During the week, they have a quick group of movies by Wes Anderson: Fantastic Mr. Fox (digital) & The Life Aquatic with Steve Zissou play Tuesday, Bottle Rocket plays late Wednesday and Thursday afternoon, and a special preview of his new one, Moonrise Kingdom, co-presented by IFFBoston on Thursday evening. The Wednesday-evening hole in the schedule is filled by the local premiere of For the Love of the Music: The Club 47 Folk Revival, a documentary on the popular and influential 1960s Cambridge venue. - With the academic year coming to a close, Emerson's ArtsEmerson film programming winds up for a while. The "Festival Focus" selection is Nana, a French film about a four-year-old girl mostly left to fend for herself in a rural area; it won awards at Istanbul and Locarno. It runs Friday and Saturday as does Elena and Her Men, which wraps up "Renoir in Technicolor". It features Ingrid Bergman as a countess torn between Jean Marais and Mel Ferrer.
- The Harvard Film Archive doesn't shut down for the summer, though they are also finishing up a couple of programs.
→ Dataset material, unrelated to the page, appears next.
(* Let $\overrightarrow{W}$ be a Morse sequence on a simplicial complex $K$. Then for every $p$, $\overline O[p]=\{c\in K[p]:\overline\Phi_p(c)=c\}$ and $\underline O[p]=\{c\in K[p]:\underline\Phi_p(c)=c\}$.
   Context: A simplicial complex $K$ is a finite collection of non-empty finite sets closed under taking non-empty subsets; $\dim\sigma=|\sigma|-1$, $K^{(p)}$ the set of $p$-simplices. A pair $(\sigma,\tau)$ with $\sigma\subsetneq\tau$ is a free pair for $K$ if $\tau$ is the only simplex other than $\sigma$ containing $\sigma$; $K$ is then an elementary expansion of $K\setminus\{\sigma,\tau\}$. If $\nu$ is a facet (maximal simplex) of $K$, $K$ is an elementary filling of $K\setminus\{\nu\}$. A Morse sequence on $K$ is a sequence $\langle\emptyset=K_0,\dots,K_k=K\rangle$ with each $K_i$ an elementary expansion or filling of $K_{i-1}$; simplices added by fillings are critical; for an expansion $K_i=K_{i-1}\cup\{\sigma,\tau\}$, $\sigma\subset\tau$, $(\sigma,\tau)$ is a regular pair, $\sigma$ lower regular, $\tau$ upper regular. $\widehat W$ is the set of critical simplices. $K[p]$ is the $\mathbb{Z}_2$-vector space of subsets of $K^{(p)}$ (sum = symmetric difference, $0=\emptyset$), $\widehat W[p]=\{c\in K[p]:c\subseteq\widehat W\}$. For $\sigma\in K^{(p)}$, $\partial(\sigma)=\{\tau\in K^{(p-1)}:\tau\subset\sigma\}$, $\delta(\sigma)=\{\tau\in K^{(p+1)}:\sigma\subset\tau\}$, with linear extensions $\partial_p,\delta_p$. The reference map $\curlywedge$ is the unique map assigning to each $p$-simplex an element of $\widehat W[p]$, extended linearly, with $\curlywedge(\nu)=\{\nu\}$ for critical $\nu$ and $\curlywedge(\tau)=0=\curlywedge(\partial(\tau))$ for upper regular $\tau$; the coreference map $\curlyvee$ is the unique such map with $\curlyvee(\nu)=\{\nu\}$ for critical $\nu$ and $\curlyvee(\sigma)=0=\curlyvee(\delta(\sigma))$ for lower regular $\sigma$. Extension maps: $\widetilde\curlywedge_p,\widetilde\curlyvee_p:\widehat W[p]\to K[p]$ linear with $\widetilde\curlywedge(\kappa)=\{\nu\in K:\kappa\in\curlyvee(\nu)\}$, $\widetilde\curlyvee(\kappa)=\{\nu\in K:\kappa\in\curlywedge(\nu)\}$ for critical $\kappa$; $\overline O[p]=\operatorname{im}\widetilde\curlywedge_p$, $\underline O[p]=\operatorname{im}\widetilde\curlyvee_p$. Let $V_p:K[p]\to K[p+1]$ and $V^*_p:K[p]\to K[p-1]$ be the linear maps with $V(\kappa)=V^*(\kappa)=0$ for critical $\kappa$, and $V(\sigma)=\tau$, $V(\tau)=0$, $V^*(\sigma)=0$, $V^*(\tau)=\sigma$ for each regular pair $(\sigma,\tau)$. The flow and coflow are the linear maps $\Phi_p(\nu)=\nu+\partial_{p+1}(V_p(\nu))+V_{p-1}(\partial_p(\nu))$ and $\Phi^*_p(\nu)=\nu+\delta_{p-1}(V^*_p(\nu))+V^*_{p+1}(\delta_p(\nu))$ for $\nu\in K^{(p)}$. For each $c\in K[p]$ there are $i,j\ge0$ with $\Phi^{i+1}(c)=\Phi^i(c)$ and $(\Phi^* )^{j+1}(c)=(\Phi^* )^j(c)$; $\overline\Phi_p(c)=\Phi^i(c)$ and $\underline\Phi_p(c)=(\Phi^* )^j(c)$. *)

theory Defs
  imports Main
begin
The School of Reis: The Films and Legacy of António Reis and Margarida Cordeiro concludes Friday (This Side of Resurrection & Blood) and Saturday (Glória & A Girl in Summer), all created by Portuguese filmmakers who learned from Reis & Cordeiro. The rest of the weekend is the Sergei Eisenstein program - a ddouble feature of Ivan the Terrible parts one and two on Sunday evening, and Alexander Nevsky on Monday.
- The MFA is also wrapping up series at the end of the month, with The Story of Film's various chapters playing out from Friday to Sunday, and two other "Exclusive Screenings " later in the week: Wednesday's Louise Wimmer is a sneak preview of a movie from July's French Film Festival starring Corinne Masiero as a hotel maid; Thursday's Walking in the City is a free selection of short films that tie in with a Wendy Jacob photo exhibit.
- The Regent Theatre in Arlington has one film program, an evening of animated shorts by Karen Aqua, a local animator who died of ovarian cancer one year ago; proceeds will go to the Ovarian Cancer Fun at Dana-Farber.
Huh, we don't get the animated Disney film from India? Kind of disappointing. Anyway, my plans like include Men in Black 3, Polisse, and Moonrise Kingdom.